Mr Rumboll also highlighted the importance of continuous disclosure and strong internal communication, saying, “It is made all the more acute in the current environment to understand your own company and have good information flow, to grapple with the continuous disclosure piece”.

Partner Kate Jefferson, a member of the Asia Pacific Mergers & Acquisition Steering Committee, agreed companies needed to stay across their shareholder base.

“From a public M&A perspective, what we’re seeing is a number of potential acquirers taking stakes in ASX listed companies of two, three or four per cent. So one change in approach that we’re recommending to boards is to keep a really close eye on their share register, focusing on new entrants … because it may well lead to a wave of M&A transactions down the pipeline to capitalise on these difficulties as a result of the valuation proposition.”

Chinese powerhouse, Tencent, recently acquired a minority stake in listed ‘buy now, pay later’ leader, Afterpay, in a sign of the times.
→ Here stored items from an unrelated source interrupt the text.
lemma Ia_bigo: "(\<lambda>b. Ia \<rho> b) \<in> O[at_top](\<lambda>b. 1 / b)"
proof (rule bigoI[where c="(tau 2 0 + 64) / (psi 1)^2"])
  define c where "c = psi 1"
  have c: "c > 0" unfolding c_def by (rule psi_1_pos)
  show "\<forall>\<^sub>F b in at_top. norm (Ia \<rho> b) \<le> (tau 2 0 + 64) / (psi 1)^2 * norm (1 / b)"
    using eventually_ge_at_top[of "2::real"]
  proof eventually_elim
    case (elim b)
    then have b: "b > 0" by simp
    have "ennreal (\<integral>l. Ia_density b l \<partial>lborel) = (\<integral>\<^sup>+ l. ennreal (Ia_density b l) \<partial>lborel)"
      by (rule nn_integral_eq_integral[symmetric, OF integrable_Ia_density[OF b]]) (simp add: Ia_density_nonneg)
    also have "\<dots> \<le> ennreal (tau 2 0 / (b * c)^2) + ennreal (4 * exp (- (b - 1) * c))"
      unfolding nn_integral_Ia_density_split c_def
      by (intro add_mono nn_integral_Ia_density_near_0 nn_integral_Ia_density_tail_decay) (use elim in auto)
    finally have "(\<integral>l. Ia_density b l \<partial>lborel) \<le> tau 2 0 / (b * c)^2 + 4 * exp (- (b - 1) * c)"
      by (simp add: ennreal_plus[symmetric] tau_nonneg del: ennreal_plus)
    moreover have "exp (- (b - 1) * c) \<le> 16 / (b * c)^2"
    proof -
      have "exp (- (b - 1) * c) = exp (- ((b - 1) * c))"
        by (simp add: algebra_simps)
      also have "\<dots> \<le> 4 / ((b - 1) * c)^2"
        using elim c by (intro exp_neg_le_four_div_square) simp
      also have "\<dots> \<le> 4 / (b * c / 2)^2"
        using elim c by (intro divide_left_mono power_mono mult_pos_pos) (auto simp: field_simps)
      finally show ?thesis by (simp add: power_divide)
    qed
    ultimately have "Ia \<rho> b \<le> b * (tau 2 0 / (b * c)^2 + 4 * (16 / (b * c)^2))"
      unfolding Ia_eq using b by (intro mult_left_mono) auto
    also have "\<dots> = (tau 2 0 + 64) / c^2 * (1 / b)"
      using b c by (simp add: field_simps power2_eq_square)
    finally show ?case
      using b Ia_nonneg[of b] unfolding c_def by simp
  qed
qed

end

section \<open>Mean and variance of the normalized measure\<close>

locale homogeneous_crm = levy_intensity \<rho> for \<rho> +
  fixes H :: "'x::polish_space measure" and a :: real and M :: "'w measure" and \<mu> :: "'w \<Rightarrow> 'x measure"
  assumes H_prob: "prob_space H" and H_sets: "sets H = sets borel"
    and a_pos: "a > 0"
    and M_prob: "prob_space M"
    and mu_sets: "\<And>w. w \<in> space M \<Longrightarrow> sets (\<mu> w) = sets borel"
    and mu_meas: "\<And>A. A \<in> sets borel \<Longrightarrow> (\<lambda>w. emeasure (\<mu> w) A) \<in> borel_measurable M"
    and mu_laplace: "\<And>(h :: 'x \<Rightarrow> real) A. h \<in> borel_measurable borel \<Longrightarrow> (\<forall>x. h x \<ge> 0)
        \<Longrightarrow> bounded (range h) \<Longrightarrow> A \<in> sets borel \<Longrightarrow>
        prob_space.expectation M (\<lambda>w. neg_exp_enn (\<integral>\<^sup>+ x. ennreal (indicator A x * h x) \<partial>(\<mu> w)))
        = exp (- a * (\<integral>x. indicator A x * (\<integral>s. 1 - exp (- s * h x) \<partial>\<rho>) \<partial>H))"
begin

sublocale M: prob_space M by (rule M_prob)
sublocale H: prob_space H by (rule H_prob)

definition total_mass :: "'w \<Rightarrow> ennreal" where
  "total_mass w = emeasure (\<mu> w) UNIV"

definition T :: "'w \<Rightarrow> real" where
  "T w = enn2real (total_mass w)"

definition Y :: "'x set \<Rightarrow> 'w \<Rightarrow> real" where
  "Y A w = enn2real (emeasure (\<mu> w) A)"

definition joint_laplace :: "'x set \<Rightarrow> real \<Rightarrow> real \<Rightarrow> real" where
  "joint_laplace A l u = exp (- a * (psi l + measure H A * (psi (l + u) - psi l)))"

lemma space_mu: "w \<in> space M \<Longrightarrow> space (\<mu> w) = UNIV"
  using sets_eq_imp_space_eq[OF mu_sets] by simp

lemma space_H: "space H = UNIV"
  using sets_eq_imp_space_eq[OF H_sets] by simp

lemma borel_measurable_total_mass [measurable]: "total_mass \<in> borel_measurable M"
  unfolding total_mass_def[abs_def] by (rule mu_meas) simp

lemma borel_measurable_T [measurable]: "T \<in> borel_measurable M"
  unfolding T_def[abs_def] by measurable

lemma borel_measurable_Y: "A \<in> sets borel \<Longrightarrow> Y A \<in> borel_measurable M"
  unfolding Y_def[abs_def] by (intro borel_measurable_enn2real mu_meas)

lemma T_nonneg [simp]: "T w \<ge> 0" and Y_nonneg [simp]: "Y A w \<ge> 0"
  by (simp_all add: T_def Y_def)

lemma hnrmi_eq: "w \<in> space M \<Longrightarrow> hnrmi \<mu> w A = Y A w / T w"
  by (simp add: hnrmi_def Y_def T_def total_mass_def space_mu)

lemma borel_measurable_hnrmi:
  assumes "A \<in> sets borel" shows "(\<lambda>w. hnrmi \<mu> w A) \<in> borel_measurable M"
proof -
  have [measurable]: "Y A \<in> borel_measurable M"
    using assms by (rule borel_measurable_Y)
  show ?thesis
    by (subst measurable_cong[OF hnrmi_eq]) measurable
qed

lemma integral_H_psi:
  assumes "A \<in> sets borel" "l \<ge> 0" "u \<ge> 0"
  shows "(\<integral>x. indicator UNIV x * (\<integral>s. 1 - exp (- s * (l + u * indicator A x)) \<partial>\<rho>) \<partial>H)
    = psi l + measure H A * (psi (l + u) - psi l)"
proof -
  have "(\<integral>s. 1 - exp (- s * c) \<partial>\<rho>) = psi c" for c
    unfolding psi_def by (simp add: mult.commute)
  then have "(\<lambda>x. indicator UNIV x * (\<integral>s. 1 - exp (- s * (l + u * indicator A x)) \<partial>\<rho>))
      = (\<lambda>x. psi l + (psi (l + u) - psi l) * indicator A x)"
    by (auto simp: fun_eq_iff indicator_def)
  moreover have "integrable H (\<lambda>x. (psi (l + u) - psi l) * indicator A x :: real)"
    using assms H_sets by (auto simp: less_top[symmetric])
  ultimately show ?thesis
    using assms H.prob_space by (simp add: space_H)
qed

lemma expectation_neg_exp_enn_total_mass:
  assumes A: "A \<in> sets borel" and "l \<ge> 0" "u \<ge> 0"
  shows "M.expectation (\<lambda>w. neg_exp_enn (ennreal l * total_mass w + ennreal u * emeasure (\<mu> w) A))
    = joint_laplace A l u"
proof -
  let ?h = "\<lambda>x. l + u * indicator A x"
  have "bounded (range ?h)"
    by (rule bounded_subset[of "{l, l + u}"]) (auto simp: indicator_def)
  then have "M.expectation (\<lambda>w. neg_exp_enn (\<integral>\<^sup>+ x. ennreal (indicator UNIV x * ?h x) \<partial>(\<mu> w)))
      = exp (- a * (\<integral>x. indicator UNIV x * (\<integral>s. 1 - exp (- s * ?h x) \<partial>\<rho>) \<partial>H))"
    using assms by (intro mu_laplace) (auto simp: indicator_def)
  also have "\<dots> = joint_laplace A l u"
    unfolding joint_laplace_def integral_H_psi[OF assms] ..
  finally have "M.expectation (\<lambda>w. neg_exp_enn (\<integral>\<^sup>+ x. ennreal (indicator UNIV x * ?h x) \<partial>(\<mu> w)))
      = joint_laplace A l u" .
  moreover have "(\<integral>\<^sup>+ x. ennreal (indicator UNIV x * ?h x) \<partial>(\<mu> w)) =
      ennreal l * total_mass w + ennreal u * emeasure (\<mu> w) A" if "w \<in> space M" for w
    using nn_integral_const_plus_indicator[of A "\<mu> w" l u] assms mu_sets[OF that]
    by (simp add: total_mass_def space_mu[OF that])
  ultimately show ?thesis
    by (metis (no_types, lifting) Bochner_Integration.integral_cong)
qed

lemma expectation_neg_exp_enn_total_mass_only:
  "l \<ge> 0 \<Longrightarrow> M.expectation (\<lambda>w. neg_exp_enn (ennreal l * total_mass w)) = exp (- a * psi l)"
  using expectation_neg_exp_enn_total_mass[of UNIV l 0] by (simp add: joint_laplace_def)

lemma AE_total_mass_finite: "AE w in M. total_mass w < \<infinity>"
proof -
  let ?S = "{w \<in> space M. total_mass w < \<infinity>}"
  have "M.prob ?S = 1"
  proof (rule M.prob_eq_lim_expectation)
    show "(\<lambda>n. neg_exp_enn (ennreal (inverse (real (Suc n))) * total_mass w)) \<longlonglongrightarrow> indicator ?S w"
      if "w \<in> space M" for w
      using neg_exp_enn_LIMSEQ_finite[of "total_mass w"] that by (simp add: indicator_def)
    have "(\<lambda>n. exp (- a * psi (inverse (real (Suc n))))) \<longlonglongrightarrow> exp (- a * 0)"
      by (intro tendsto_intros psi_inverse_Suc_LIMSEQ_0)
    then show "(\<lambda>n. M.expectation (\<lambda>w. neg_exp_enn (ennreal (inverse (real (Suc n))) * total_mass w)))
        \<longlonglongrightarrow> 1"
      by (simp add: expectation_neg_exp_enn_total_mass_only)
  qed (simp_all add: abs_neg_exp_enn_le_1)
  from M.AE_prob_1[OF this] show ?thesis
    by simp
qed

lemma AE_total_mass_nonzero: "AE w in M. total_mass w \<noteq> 0"
proof -
  let ?S = "{w \<in> space M. total_mass w = 0}"
  have "M.prob ?S = 0"
  proof (rule M.prob_eq_lim_expectation)
    show "(\<lambda>n. neg_exp_enn (ennreal (real (Suc n)) * total_mass w)) \<longlonglongrightarrow> indicator ?S w"
      if "w \<in> space M" for w
      using neg_exp_enn_LIMSEQ_zero[of "total_mass w"] that by (simp add: indicator_def)
    have "filterlim (\<lambda>n. psi (real n)) at_top sequentially"
      by (rule filterlim_compose[OF filterlim_psi_at_top filterlim_real_sequentially])
    then have "filterlim (\<lambda>n. psi (real (Suc n))) at_top sequentially"
      by (rule filterlim_sequentially_Suc[THEN iffD2])
    then have "filterlim (\<lambda>n. - (a * psi (real (Suc n)))) at_bot sequentially"
      using a_pos by (simp add: filterlim_uminus_at_bot filterlim_tendsto_pos_mult_at_top[OF tendsto_const])
    then have "(\<lambda>n. exp (- (a * psi (real (Suc n))))) \<longlonglongrightarrow> 0"
      by (rule filterlim_compose[OF exp_at_bot])
    then show "(\<lambda>n. M.expectation (\<lambda>w. neg_exp_enn (ennreal (real (Suc n)) * total_mass w))) \<longlonglongrightarrow> 0"
      by (simp add: expectation_neg_exp_enn_total_mass_only del: of_nat_Suc)
  qed (simp_all add: abs_neg_exp_enn_le_1)
  then have "?S \<in> null_sets M"
    by (simp add: M.emeasure_eq_measure null_sets_def)
  then show ?thesis
    by (rule AE_I') auto
qed

lemma AE_T_pos: "AE w in M. T w > 0"
  using AE_total_mass_finite AE_total_mass_nonzero
  by eventually_elim (auto simp: T_def enn2real_positive_iff less_top[symmetric] zero_less_iff_neq_zero)

lemma total_mass_eq_T: "T w > 0 \<Longrightarrow> total_mass w = ennreal (T w)"
  by (cases "total_mass w") (auto simp: T_def)

lemma emeasure_eq_Y:
  assumes "w \<in> space M" "T w > 0" "A \<in> sets borel"
  shows "emeasure (\<mu> w) A = ennreal (Y A w)"
proof -
  have "emeasure (\<mu> w) A \<le> total_mass w"
    unfolding total_mass_def using assms mu_sets[of w] by (intro emeasure_mono) auto
  then have "emeasure (\<mu> w) A < \<infinity>"
    using total_mass_eq_T[OF assms(2)] by (simp add: le_less_trans)
  then show ?thesis
    by (simp add: Y_def)
qed

lemma expectation_exp_T_Y:
  assumes A: "A \<in> sets borel" and "l \<ge> 0" "u \<ge> 0"
  shows "M.expectation (\<lambda>w. exp (- (l * T w + u * Y A w))) = joint_laplace A l u"
proof -
  have [measurable]: "Y A \<in> borel_measurable M" "(\<lambda>w. emeasure (\<mu> w) A) \<in> borel_measurable M"
    using A by (auto intro: borel_measurable_Y mu_meas)
  have "M.expectation (\<lambda>w. exp (- (l * T w + u * Y A w))) =
      M.expectation (\<lambda>w. neg_exp_enn (ennreal l * total_mass w + ennreal u * emeasure (\<mu> w) A))"
  proof (rule integral_cong_AE)
    show "AE w in M. exp (- (l * T w + u * Y A w)) =
        neg_exp_enn (ennreal l * total_mass w + ennreal u * emeasure (\<mu> w) A)"
      using AE_T_pos AE_space
    proof eventually_elim
      case (elim w)
      then have "ennreal l * total_mass w + ennreal u * emeasure (\<mu> w) A =
          ennreal (l * T w) + ennreal (u * Y A w)"
        using assms by (simp add: emeasure_eq_Y total_mass_eq_T ennreal_mult)
      also have "\<dots> = ennreal (l * T w + u * Y A w)"
        using assms by (simp add: ennreal_plus)
      finally show ?case
        using assms by (simp add: neg_exp_enn_ennreal del: ennreal_plus)
    qed
  qed measurable
  then show ?thesis
    using expectation_neg_exp_enn_total_mass[OF assms] by simp
qed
While we can only speculate on the motives of the acquirer and its strategic drivers, it may be a very high-profile example of what Ms Jefferson suggested.

Mr Rumboll also advised investor relations teams to look out for parties building derivative positions, an effective way for strategic buyers to build a stake without being readily detected. He described the outlook for the next three to six months as “…pretty murky, if not opaque.”

While that may be true, the Baker McKenzie partners provided webinar participants with some clear strategies for handling the next wave of COVID-19 disruption.